Stryker's balance sheet strength is manifested through prudent debt management and solid leverage ratios. These factors highlight the company's financial flexibility and ability to withstand economic turbulence without overextending leverage.
| Year | 2024 | 2023 | 2022 |
|---|---|---|---|
| Debt-to-Equity | 0.68 | 0.73 | 0.81 |
| Debt-to-Assets | 0.33 | 0.34 | 0.37 |
| Debt-to-Capital | 0.41 | 0.42 | 0.45 |
| Net Debt to EBITDA | 2.12 | 2.08 | 2.91 |
| Current Ratio | 1.95 | 1.58 | 1.63 |
| Quick Ratio | 1.32 | 0.97 | 1.00 |
Stryker maintains a well-structured financial framework, showcasing prudent risk management and a stable positioning to address both short-term liabilities and long-term strategic objectives effectively.
Stryker's profitability and fundamental financial health highlight its operational effectiveness and strategic investment outcomes, making it a reliable entity for sustainable long-term returns on investment.
| Year | 2024 | 2023 | 2022 |
|---|---|---|---|
| Return on Equity | 14.51 % | 17.02 % | 14.19 % |
| Return on Assets | 6.97 % | 7.93 % | 6.39 % |
| Margins - Net | 13.25 % | 15.44 % | 12.78 % |
| Margins - EBIT | 17.21 % | 19.66 % | 16.37 % |
| Margins - EBITDA | 21.85 % | 24.67 % | 21.78 % |
| Margins - Gross | 61.87 % | 60.95 % | 59.84 % |
| R&D to Revenue | 6.26 % | 6.31 % | 6.67 % |
Stryker's consistent returns and profit margins underline its strong market position and the effective management strategies behind sustaining high levels of profitability and shareholder value.

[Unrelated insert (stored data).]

lemma propagation_lower_bound:
  fixes g :: "nat \<Rightarrow> nat \<Rightarrow> real" and P :: "nat \<Rightarrow> nat \<Rightarrow> nat \<Rightarrow> real"
  assumes r_pos: "0 < r"
    and windows_connected: "\<And>k. strongly_connected n (\<Union>t\<in>{r*k+1..r*(k+1)}. E t)"
    and \<eta>: "0 < \<eta>" "\<eta> \<le> 1"
    and super: "\<And>\<tau> i. s \<le> \<tau> \<Longrightarrow> i < n \<Longrightarrow> (\<Sum>j<n. P \<tau> i j * g \<tau> j) \<le> g (Suc \<tau>) i"
    and P_nonneg: "\<And>\<tau> i j. s \<le> \<tau> \<Longrightarrow> i < n \<Longrightarrow> j < n \<Longrightarrow> 0 \<le> P \<tau> i j"
    and P_ge: "\<And>\<tau> i l. s \<le> \<tau> \<Longrightarrow> i < n \<Longrightarrow> l < n \<Longrightarrow> l = i \<or> (l, i) \<in> E \<tau> \<Longrightarrow> \<eta> \<le> P \<tau> i l"
    and g_nonneg: "\<And>i. i < n \<Longrightarrow> 0 \<le> g s i"
    and "i < n" "j < n"
  shows "\<eta> ^ (r * n) * g s j \<le> g (s + r * n) i"
proof -
  have nonneg: "0 \<le> g \<tau> i" if "s \<le> \<tau>" "i < n" for \<tau> i
    using that
  proof (induction \<tau> arbitrary: i rule: dec_induct)
    case (step m)
    have "0 \<le> (\<Sum>j<n. P m i j * g m j)"
      using step P_nonneg by (intro sum_nonneg mult_nonneg_nonneg) auto
    also have "\<dots> \<le> g (Suc m) i" using super step by auto
    finally show ?case .
  qed (use g_nonneg in simp)
  have one_step: "\<eta> * g \<tau> l \<le> g (Suc \<tau>) i"
    if "s \<le> \<tau>" "i < n" "l < n" "l = i \<or> (l, i) \<in> E \<tau>" for \<tau> i l
  proof -
    have "\<eta> * g \<tau> l \<le> P \<tau> i l * g \<tau> l"
      using P_ge[OF that] nonneg[OF that(1,3)] by (intro mult_right_mono)
    also have "\<dots> \<le> (\<Sum>j<n. P \<tau> i j * g \<tau> j)"
      using that P_nonneg nonneg by (intro member_le_sum[of l "{..<n}" "\<lambda>j. P \<tau> i j * g \<tau> j"]) auto
    also have "\<dots> \<le> g (Suc \<tau>) i" using super that by auto
    finally show ?thesis .
  qed
  define R where "R \<tau> = {i. i < n \<and> \<eta> ^ (\<tau> - s) * g s j \<le> g \<tau> i}" for \<tau>
  have R_Suc: "i \<in> R (Suc \<tau>)" if "s \<le> \<tau>" "l \<in> R \<tau>" "i < n" "l = i \<or> (l, i) \<in> E \<tau>" for \<tau> l i
  proof -
    have "\<eta> ^ (Suc \<tau> - s) * g s j = \<eta> * (\<eta> ^ (\<tau> - s) * g s j)"
      using that(1) by (simp add: Suc_diff_le)
    also have "\<dots> \<le> \<eta> * g \<tau> l" using that(2) \<eta> unfolding R_def by (intro mult_left_mono) auto
    also have "\<dots> \<le> g (Suc \<tau>) i" using one_step that unfolding R_def by auto
    finally show ?thesis using that(3) unfolding R_def by auto
  qed
  interpret jointly_spreading_sets n r s E R
    using r_pos windows_connected R_Suc by unfold_locales (auto simp: R_def)
  have "j \<in> R s" using \<open>j < n\<close> unfolding R_def by simp
  then have "i \<in> R (s + r * n)" using R_full \<open>i < n\<close> by auto
  then show ?thesis unfolding R_def by simp
qed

| Criteria | Score | Bar |
|---|---|---|
| Dividend yield | 3 | |
| Dividend Stability | 5 | |
| Dividend growth | 4 | |
| Payout ratio | 4 | |
| Financial stability | 5 | |
| Dividend continuity | 5 | |
| Cashflow Coverage | 4 | |
| Balance Sheet Quality | 4 |
In summary, Stryker Corporation exhibits strong financial stability with a well-managed dividend program. The company's strategic positioning and consistent growth in dividends make it a compelling choice for investors seeking reliable income streams. Overall, Stryker is rated highly for its dividend safety and growth potential.